## TASK ITEM
Range to output from the entries below: the line containing "mb \<le> m \<Longrightarrow>" through the line containing "fix \<gamma> \<kappa>". Set it down exactly, ends included, nothing else.

· · · · ·

lemma mass_outside_after_blocks:
  assumes E: "E \<subseteq> JPol U"
    and in_E: "\<And>p. p \<in> E \<Longrightarrow> s \<le> prob_in_after A (JPol U) E L p"
    and out_E: "\<And>p. p \<in> JPol U - E \<Longrightarrow> \<delta> \<le> prob_in_after A (JPol U) E L p"
    and s: "s \<le> 1" and \<delta>: "0 < \<delta>" "\<delta> \<le> 1"
    and \<nu>: "\<And>p. p \<in> JPol U \<Longrightarrow> 0 \<le> \<nu> p" "(\<Sum>p\<in>JPol U. \<nu> p) = 1"
  shows "(\<Sum>q\<in>JPol U - E. (mulA U A ^^ (L * r)) \<nu> q)
    \<le> (1 - \<delta>) ^ r * (\<Sum>q\<in>JPol U - E. \<nu> q) + (1 - s) / \<delta>"
proof (induction r)
  case 0
  show ?case using s \<delta> by simp
next
  case (Suc r)
  define \<nu>' where "\<nu>' = (mulA U A ^^ (L * r)) \<nu>"
  have "(\<Sum>q\<in>JPol U - E. (mulA U A ^^ (L * Suc r)) \<nu> q) = (\<Sum>q\<in>JPol U - E. (mulA U A ^^ L) \<nu>' q)"
    by (simp add: \<nu>'_def funpow_add)
  also have "\<dots> \<le> (1 - s) + (1 - \<delta>) * (\<Sum>q\<in>JPol U - E. \<nu>' q)"
    unfolding \<nu>'_def using \<nu>
    by (intro mass_outside_after_block[OF E in_E out_E s]) (auto simp: funpow_mulA_nonneg sum_funpow_mulA)
  also have "\<dots> \<le> (1 - s) + (1 - \<delta>) * ((1 - \<delta>) ^ r * (\<Sum>q\<in>JPol U - E. \<nu> q) + (1 - s) / \<delta>)"
    using Suc.IH \<delta> unfolding \<nu>'_def by (intro add_left_mono mult_left_mono) auto
  also have "\<dots> = (1 - \<delta>) ^ Suc r * (\<Sum>q\<in>JPol U - E. \<nu> q) + (1 - s) / \<delta>"
    using \<delta> by (simp add: field_simps)
  finally show ?case .
qed

lemma mass_outside_le:
  assumes E: "E \<subseteq> JPol U" and a: "0 < a" "a \<le> s" "s \<le> 1"
    and diag: "\<And>p. p \<in> E \<Longrightarrow> s \<le> A p p"
    and paths: "\<And>p. p \<in> JPol U \<Longrightarrow> \<exists>ps. ps \<noteq> [] \<and> hd ps = p \<and> set ps \<subseteq> JPol U \<and> last ps \<in> E
      \<and> length ps \<le> Suc L \<and> successively (\<lambda>p q. a \<le> A p q) ps"
    and \<nu>: "\<And>p. p \<in> JPol U \<Longrightarrow> 0 \<le> \<nu> p" "(\<Sum>p\<in>JPol U. \<nu> p) = 1"
    and m: "L * r \<le> m"
  shows "(\<Sum>q\<in>JPol U - E. (mulA U A ^^ m) \<nu> q) \<le> (1 - a ^ L) ^ r + (1 - s ^ L) / a ^ L"
proof -
  have in_E: "s ^ n \<le> prob_in_after A (JPol U) E n p" if "p \<in> E" for p n
    using prob_in_after_diag_ge[OF that E _ diag[OF that]] a by simp
  have "a ^ n \<le> prob_in_after A (JPol U) E n p" if "p \<in> E" for p n
    using in_E[OF that, of n] power_mono[OF a(2), of n] a(1) by simp
  then have out_E: "a ^ L \<le> prob_in_after A (JPol U) E L p" if "p \<in> JPol U - E" for p
    using paths[of p] that a(1) prob_in_after_path_ge[of a E] by force
  define \<nu>' where "\<nu>' = (mulA U A ^^ (m - L * r)) \<nu>"
  have \<nu>': "\<And>p. p \<in> JPol U \<Longrightarrow> 0 \<le> \<nu>' p" "(\<Sum>p\<in>JPol U. \<nu>' p) = 1"
    unfolding \<nu>'_def using \<nu> by (auto simp: funpow_mulA_nonneg sum_funpow_mulA)
  have "(\<Sum>q\<in>JPol U - E. \<nu>' q) \<le> (\<Sum>q\<in>JPol U. \<nu>' q)"
    using \<nu>'(1) finite_states by (intro sum_mono2) auto
  then have mass: "(\<Sum>q\<in>JPol U - E. \<nu>' q) \<le> 1" using \<nu>'(2) by simp
  have "a ^ L \<le> 1" using a by (simp add: power_le_one)
  have "m = L * r + (m - L * r)" using m by simp
  then have "(mulA U A ^^ m) \<nu> = (mulA U A ^^ (L * r)) \<nu>'"
    unfolding \<nu>'_def by (metis comp_apply funpow_add)
  then have "(\<Sum>q\<in>JPol U - E. (mulA U A ^^ m) \<nu> q)
      \<le> (1 - a ^ L) ^ r * (\<Sum>q\<in>JPol U - E. \<nu>' q) + (1 - s ^ L) / a ^ L"
    using mass_outside_after_blocks[OF E in_E out_E _ _ _ \<nu>'] a \<open>a ^ L \<le> 1\<close>
    by (simp add: power_le_one)
  also have "\<dots> \<le> (1 - a ^ L) ^ r + (1 - s ^ L) / a ^ L"
    using mass \<open>a ^ L \<le> 1\<close> by (simp add: mult_left_le)
  finally show ?thesis .
qed

end

section \<open>Concentration of the update dynamics on equilibria\<close>

lemma one_minus_power_le: "0 \<le> x \<Longrightarrow> x \<le> 1 \<Longrightarrow> 1 - (1 - x) ^ n \<le> real n * x"
  using Bernoulli_inequality[of "- x" n] by simp

context finite_discounted_game
begin

lemma sbr_paths_bounded:
  assumes WA: "weakly_acyclic U \<beta> c P"
  obtains L where "\<And>p. p \<in> JPol U \<Longrightarrow> \<exists>ps. ps \<noteq> [] \<and> hd ps = p \<and> sbr_path U \<beta> c P ps
    \<and> last ps \<in> Eq_set U \<beta> c P \<and> length ps \<le> Suc L"
proof -
  obtain path where path: "\<And>p. p \<in> JPol U \<Longrightarrow> path p \<noteq> [] \<and> hd (path p) = p
      \<and> sbr_path U \<beta> c P (path p) \<and> last (path p) \<in> Eq_set U \<beta> c P"
    using WA unfolding weakly_acyclic_def by metis
  have "length (path p) \<le> Max (length ` path ` JPol U)" if "p \<in> JPol U" for p
    using finite_JPol_U that by (intro Max_ge) auto
  with path show thesis by (intro that[of "Max (length ` path ` JPol U)"]) (meson le_SucI)
qed

end

context inertial_dynamics
begin

text \<open>The factor \<open>1/2\<close> absorbs the experimentation factor \<open>1 - kb\<close> for \<open>kb \<le> 1/2\<close>.\<close>

definition min_step_prob :: real where
  "min_step_prob = (\<Prod>i\<in>UNIV. move_weight i / 2)"

lemma min_step_prob_pos: "0 < min_step_prob"
  unfolding min_step_prob_def using move_weight_bounds by (intro prod_pos) simp

lemma min_step_prob_le_diag:
  assumes "0 \<le> kb" "kb \<le> 1/2"
  shows "min_step_prob \<le> (1 - kb) ^ card (UNIV :: 'i set)"
proof -
  have "min_step_prob \<le> (\<Prod>i\<in>(UNIV :: 'i set). 1 - kb)"
    unfolding min_step_prob_def using move_weight_bounds assms
    by (intro prod_mono) (smt (verit) field_sum_of_halves)
  then show ?thesis by simp
qed

lemma min_step_prob_le_Amat:
  assumes kb: "kb \<le> 1/2" and \<gamma>: "\<And>i. 0 \<le> \<gamma> i \<and> \<gamma> i \<le> kb" and \<kappa>: "\<And>i. 0 \<le> \<kappa> i \<and> \<kappa> i \<le> kb"
    and step: "\<And>i. q i \<noteq> p i \<Longrightarrow> strict_BR U \<beta> c P i p (q i)"
  shows "min_step_prob \<le> Amat U \<beta> c P lam \<gamma> \<kappa> p q"
proof -
  have "min_step_prob \<le> (\<Prod>i\<in>UNIV. (1 - kb) * move_weight i)"
    unfolding min_step_prob_def using move_weight_bounds kb
    by (intro prod_mono) (auto simp: less_imp_le intro: mult_right_mono)
  also have "\<dots> \<le> Amat U \<beta> c P lam \<gamma> \<kappa> p q"
    using kb by (intro Amat_strict_BR_step_ge \<gamma> \<kappa> step) auto
  finally show ?thesis .
qed

lemma Eq_set_mass_ge_fixed_noise:
  fixes kb :: real
  assumes paths: "\<And>p. p \<in> JPol U \<Longrightarrow> \<exists>ps. ps \<noteq> [] \<and> hd ps = p \<and> sbr_path U \<beta> c P ps
      \<and> last ps \<in> Eq_set U \<beta> c P \<and> length ps \<le> Suc L"
    and kb: "0 \<le> kb" "kb \<le> 1/2"
    and \<gamma>: "\<And>i. 0 \<le> \<gamma> i \<and> \<gamma> i \<le> kb" and \<kappa>: "\<And>i. 0 \<le> \<kappa> i \<and> \<kappa> i \<le> kb"
    and \<nu>: "is_dist U \<nu>" and m: "L * r \<le> m"
  shows "1 - (1 - min_step_prob ^ L) ^ r - real (card (UNIV :: 'i set) * L) * kb / min_step_prob ^ L
    \<le> sum ((mulA U (Amat U \<beta> c P lam \<gamma> \<kappa>) ^^ m) \<nu>) (Eq_set U \<beta> c P)"
proof -
  define A where "A = Amat U \<beta> c P lam \<gamma> \<kappa>"
  define E where "E = Eq_set U \<beta> c P"
  define s where "s = (1 - kb) ^ card (UNIV :: 'i set)"
  have E: "E \<subseteq> JPol U" by (auto simp: E_def Eq_set_def)
  have noise: "0 \<le> \<gamma> i \<and> \<gamma> i \<le> 1" "0 \<le> \<kappa> i \<and> \<kappa> i \<le> 1" for i
    using \<gamma>[of i] \<kappa>[of i] kb by auto
  interpret finite_markov_chain U A
    using finite_JPol_U Amat_row_sum Amat_nonneg[OF noise] by unfold_locales (auto simp: A_def)
  have diag: "s \<le> A p p" if "p \<in> E" for p
    unfolding A_def s_def using that kb \<gamma> \<kappa> by (intro Amat_diag_ge) (auto simp: E_def)
  have "\<exists>ps. ps \<noteq> [] \<and> hd ps = p \<and> set ps \<subseteq> JPol U \<and> last ps \<in> E \<and> length ps \<le> Suc L
      \<and> successively (\<lambda>p q. min_step_prob \<le> A p q) ps" if "p \<in> JPol U" for p
    using paths[OF that] kb \<gamma> \<kappa>
    by (auto simp: sbr_path_def successively_iff_nth E_def A_def intro!: min_step_prob_le_Amat)
  then have "(\<Sum>q\<in>JPol U - E. (mulA U A ^^ m) \<nu> q)
      \<le> (1 - min_step_prob ^ L) ^ r + (1 - s ^ L) / min_step_prob ^ L"
    using \<nu> min_step_prob_pos min_step_prob_le_diag[OF kb] s_def kb
    by (intro mass_outside_le[OF E _ _ _ diag _ _ _ m]) (auto simp: is_dist_def power_le_one)
  moreover have leak: "1 - s ^ L \<le> real (card (UNIV :: 'i set) * L) * kb"
    using one_minus_power_le[of kb "card (UNIV :: 'i set) * L"] kb by (simp add: s_def power_mult)
  moreover have "(\<Sum>q\<in>JPol U - E. (mulA U A ^^ m) \<nu> q) + (\<Sum>q\<in>E. (mulA U A ^^ m) \<nu> q) = 1"
    using sum.subset_diff[OF E finite_JPol_U, of "(mulA U A ^^ m) \<nu>"] sum_funpow_mulA[of m \<nu>] \<nu>
    by (simp add: is_dist_def)
  moreover have "(1 - s ^ L) / min_step_prob ^ L
      \<le> real (card (UNIV :: 'i set) * L) * kb / min_step_prob ^ L"
    using leak min_step_prob_pos by (intro divide_right_mono) auto
  ultimately have "1 - (1 - min_step_prob ^ L) ^ r - real (card (UNIV :: 'i set) * L) * kb / min_step_prob ^ L
      \<le> (\<Sum>q\<in>E. (mulA U A ^^ m) \<nu> q)"
    by linarith
  then show ?thesis by (simp add: A_def E_def)
qed

lemma Eq_set_mass_ge:
  assumes WA: "weakly_acyclic U \<beta> c P" and \<epsilon>: "0 < \<epsilon>"
  obtains kb mb where "0 < kb" "kb < 1"
    and "\<And>\<gamma> \<kappa> m \<nu>. \<forall>i. 0 < \<gamma> i \<and> 0 < \<kappa> i \<and> max (\<gamma> i) (\<kappa> i) < kb \<Longrightarrow> mb \<le> m \<Longrightarrow>
      is_dist U \<nu> \<Longrightarrow> 1 - \<epsilon> / 4 \<le> sum ((mulA U (Amat U \<beta> c P lam \<gamma> \<kappa>) ^^ m) \<nu>) (Eq_set U \<beta> c P)"
proof -
  obtain L where paths: "\<And>p. p \<in> JPol U \<Longrightarrow> \<exists>ps. ps \<noteq> [] \<and> hd ps = p \<and> sbr_path U \<beta> c P ps
      \<and> last ps \<in> Eq_set U \<beta> c P \<and> length ps \<le> Suc L"
    using sbr_paths_bounded[OF WA] by blast
  define \<delta> where "\<delta> = min_step_prob ^ L"
  have \<delta>: "0 < \<delta>" "\<delta> \<le> 1"
    using min_step_prob_pos min_step_prob_le_diag[of 0] by (auto simp: \<delta>_def power_le_one)
  obtain r where r: "(1 - \<delta>) ^ r < \<epsilon> / 8"
    using real_arch_pow_inv[of "\<epsilon> / 8" "1 - \<delta>"] \<epsilon> \<delta> by auto
  define NL where "NL = real (card (UNIV :: 'i set) * L)"
  have NL: "0 \<le> NL" by (simp add: NL_def)
  define kb where "kb = min (1/2) (\<delta> * \<epsilon> / (8 * (NL + 1)))"
  have "0 < \<delta> * \<epsilon> / (8 * (NL + 1))" using \<delta> \<epsilon> NL by simp
  then have kb: "0 < kb" "kb \<le> 1/2" unfolding kb_def by (auto simp: min_def)
  have "NL * kb \<le> (NL + 1) * (\<delta> * \<epsilon> / (8 * (NL + 1)))"
    using kb NL \<delta> \<epsilon> unfolding kb_def by (intro mult_mono) auto
  also have "\<dots> = \<delta> * \<epsilon> / 8" using NL by (simp add: field_simps)
  finally have leak: "NL * kb / \<delta> \<le> \<epsilon> / 8"
    using \<delta> by (simp add: pos_divide_le_eq mult.commute)
  show thesis
  proof (rule that[of kb "L * r"])
    fix \<gamma> \<kappa> :: "'i \<Rightarrow> real" and m :: nat and \<nu> :: "('i \<Rightarrow> 'x \<Rightarrow> 'u) \<Rightarrow> real"
    assume "\<forall>i. 0 < \<gamma> i \<and> 0 < \<kappa> i \<and> max (\<gamma> i) (\<kappa> i) < kb" "L * r \<le> m" "is_dist U \<nu>"
    then have "1 - (1 - \<delta>) ^ r - NL * kb / \<delta>
        \<le> sum ((mulA U (Amat U \<beta> c P lam \<gamma> \<kappa>) ^^ m) \<nu>) (Eq_set U \<beta> c P)"
      unfolding \<delta>_def NL_def using kb
      by (intro Eq_set_mass_ge_fixed_noise[OF paths]) (auto simp: less_imp_le)
    then show "1 - \<epsilon> / 4 \<le> sum ((mulA U (Amat U \<beta> c P lam \<gamma> \<kappa>) ^^ m) \<nu>) (Eq_set U \<beta> c P)"
      using r leak by linarith
  qed (use kb in auto)
qed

· · · · ·

## OUTPUT OF THE EXERCISE
    and "\<And>\<gamma> \<kappa> m \<nu>. \<forall>i. 0 < \<gamma> i \<and> 0 < \<kappa> i \<and> max (\<gamma> i) (\<kappa> i) < kb \<Longrightarrow> mb \<le> m \<Longrightarrow>
      is_dist U \<nu> \<Longrightarrow> 1 - \<epsilon> / 4 \<le> sum ((mulA U (Amat U \<beta> c P lam \<gamma> \<kappa>) ^^ m) \<nu>) (Eq_set U \<beta> c P)"
proof -
  obtain L where paths: "\<And>p. p \<in> JPol U \<Longrightarrow> \<exists>ps. ps \<noteq> [] \<and> hd ps = p \<and> sbr_path U \<beta> c P ps
      \<and> last ps \<in> Eq_set U \<beta> c P \<and> length ps \<le> Suc L"
    using sbr_paths_bounded[OF WA] by blast
  define \<delta> where "\<delta> = min_step_prob ^ L"
  have \<delta>: "0 < \<delta>" "\<delta> \<le> 1"
    using min_step_prob_pos min_step_prob_le_diag[of 0] by (auto simp: \<delta>_def power_le_one)
  obtain r where r: "(1 - \<delta>) ^ r < \<epsilon> / 8"
    using real_arch_pow_inv[of "\<epsilon> / 8" "1 - \<delta>"] \<epsilon> \<delta> by auto
  define NL where "NL = real (card (UNIV :: 'i set) * L)"
  have NL: "0 \<le> NL" by (simp add: NL_def)
  define kb where "kb = min (1/2) (\<delta> * \<epsilon> / (8 * (NL + 1)))"
  have "0 < \<delta> * \<epsilon> / (8 * (NL + 1))" using \<delta> \<epsilon> NL by simp
  then have kb: "0 < kb" "kb \<le> 1/2" unfolding kb_def by (auto simp: min_def)
  have "NL * kb \<le> (NL + 1) * (\<delta> * \<epsilon> / (8 * (NL + 1)))"
    using kb NL \<delta> \<epsilon> unfolding kb_def by (intro mult_mono) auto
  also have "\<dots> = \<delta> * \<epsilon> / 8" using NL by (simp add: field_simps)
  finally have leak: "NL * kb / \<delta> \<le> \<epsilon> / 8"
    using \<delta> by (simp add: pos_divide_le_eq mult.commute)
  show thesis
  proof (rule that[of kb "L * r"])
    fix \<gamma> \<kappa> :: "'i \<Rightarrow> real" and m :: nat and \<nu> :: "('i \<Rightarrow> 'x \<Rightarrow> 'u) \<Rightarrow> real"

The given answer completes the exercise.